The particular harm of health insurance is that it shields participants from the true cost of health care, thereby seeming to provide a net good to enrollees while actually enabling hospital monopolies to increase costs.

  • In economic theory, monopolies are objectionable because they enable sellers to charge higher prices and thereby cause some consumers (who would be willing to pay a competitive price) to forgo enjoyment of the monopolized good or service.
  • Such output-reducing effects are greatly lessened in health care markets because the many patients covered by health insurance can easily pay monopolist providers' asking prices rather than being induced to give up these desirable goods and services.
  • But unfortunately, precisely because there is no output reduction in response to monopoly price increases, health insurance amplifies the monopolistic power of health care suppliers.

This tendency is particularly troubling for the health care industry for two separate reasons. First, the sector has seen huge waves of consolidation and acquisition on the local hospital level in recent years.

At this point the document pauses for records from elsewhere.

(* For every policy $i$ and asset level $a>0$, the natural allocation margin $\bar M_i(a):=\bar P_i(a)-\bar S_i(a)$ equals $$\bar M_i(a)=\int_0^a\big(\beta_i(x)\,g(S(x))-\alpha_i(x)\,S(x)\big)\,dx,$$ so the margin density for line $i$ at asset level $a$ is $M_i(a)=\beta_i(a)\,g(S(a))-\alpha_i(a)\,S(a)$.
   Context: Work on an atomless probability space $(\Omega,\mathcal F,\mathsf P)$. A distortion function is an increasing concave function $g:[0,1]\to[0,1]$ with $g(0)=0$ and $g(1)=1$; assume in addition $g$ is continuous at $0$. Its derivative $g'$ exists except at countably many points. For a nonnegative random variable $Y$ with survival function $S_Y(y)=\mathsf P(Y>y)$, the distortion risk measure is $\rho(Y):=\int_0^\infty g(S_Y(y))\,dy$. Let $X_1,\dots,X_n$ be nonnegative integrable random variables and $X=\sum_{i=1}^n X_i$. Assume $X$ has a probability density $f$ and survival function $S(x)=\mathsf P(X>x)$, and $\rho(X)<\infty$. Let $\mathsf Q$ be the probability measure with $d\mathsf Q/d\mathsf P=g'(S(X))$. Equal priority payments: $X_i(a):=X_i\,\frac{X\wedge a}{X}$ ($=X_i$ if $X\le a$, $=X_ia/X$ if $X>a$). Define $\bar S_i(a):=\mathsf E[X_i(a)]$, $\bar P_i(a):=\mathsf E_{\mathsf Q}[X_i(a)]$, and for $x$ with $S(x)>0$, $\alpha_i(x):=\mathsf E[X_i/X\mid X>x]$ and $\beta_i(x):=\mathsf E_{\mathsf Q}[X_i/X\mid X>x]$. *)

theory Defs
  imports "HOL-Probability.Probability"
begin

definition atomless :: "'a measure \<Rightarrow> bool" where
  "atomless M \<longleftrightarrow> (\<forall>A\<in>sets M. measure M A > 0 \<longrightarrow>
      (\<exists>B\<in>sets M. B \<subseteq> A \<and> 0 < measure M B \<and> measure M B < measure M A))"

definition distortion :: "(real \<Rightarrow> real) \<Rightarrow> bool" where
  "distortion g \<longleftrightarrow> g ` {0..1} \<subseteq> {0..1} \<and> mono_on {0..1} g \<and> concave_on {0..1} g
     \<and> g 0 = 0 \<and> g 1 = 1 \<and> continuous (at 0 within {0..1}) g"

definition Xtot :: "(nat \<Rightarrow> 'a \<Rightarrow> real) \<Rightarrow> nat \<Rightarrow> 'a \<Rightarrow> real" where
  "Xtot Xs n \<omega> = (\<Sum>j=1..n. Xs j \<omega>)"

definition surv :: "'a measure \<Rightarrow> ('a \<Rightarrow> real) \<Rightarrow> real \<Rightarrow> real" where
  "surv M X x = measure M {\<omega>\<in>space M. X \<omega> > x}"

definition rho :: "'a measure \<Rightarrow> (real \<Rightarrow> real) \<Rightarrow> ('a \<Rightarrow> real) \<Rightarrow> ennreal" where
  "rho M g Y = (\<integral>\<^sup>+ y\<in>{0..}. ennreal (g (surv M Y y)) \<partial>lborel)"

definition Qm :: "'a measure \<Rightarrow> (real \<Rightarrow> real) \<Rightarrow> ('a \<Rightarrow> real) \<Rightarrow> 'a measure" where
  "Qm M gd X = density M (\<lambda>\<omega>. ennreal (gd (surv M X (X \<omega>))))"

  • In 1995, hospital merger and acquisition activity was nine times its level at the start of the decade, and by 2003, almost 90 percent of Americans living in the nation's larger metropolitan statistical areas (MSAs) faced highly concentrated provider markets.
  • This wave of hospital consolidation was responsible for price increases for inpatient services of at least five percent.
  • Also, it was responsible for price increases of 40 percent where merging hospitals are closely located.
  • A second merger wave from 2006 to 2009 significantly increased the hospital concentration in 30 MSAs, and a majority of Americans are now subject to monopoly power in their local markets.

The second reason why this trend is particularly troubling is that the implementation of the Affordable Care Act (ACA) will exacerbate the problem. By insuring more Americans, the ACA will further expand hospitals' monopolistic power.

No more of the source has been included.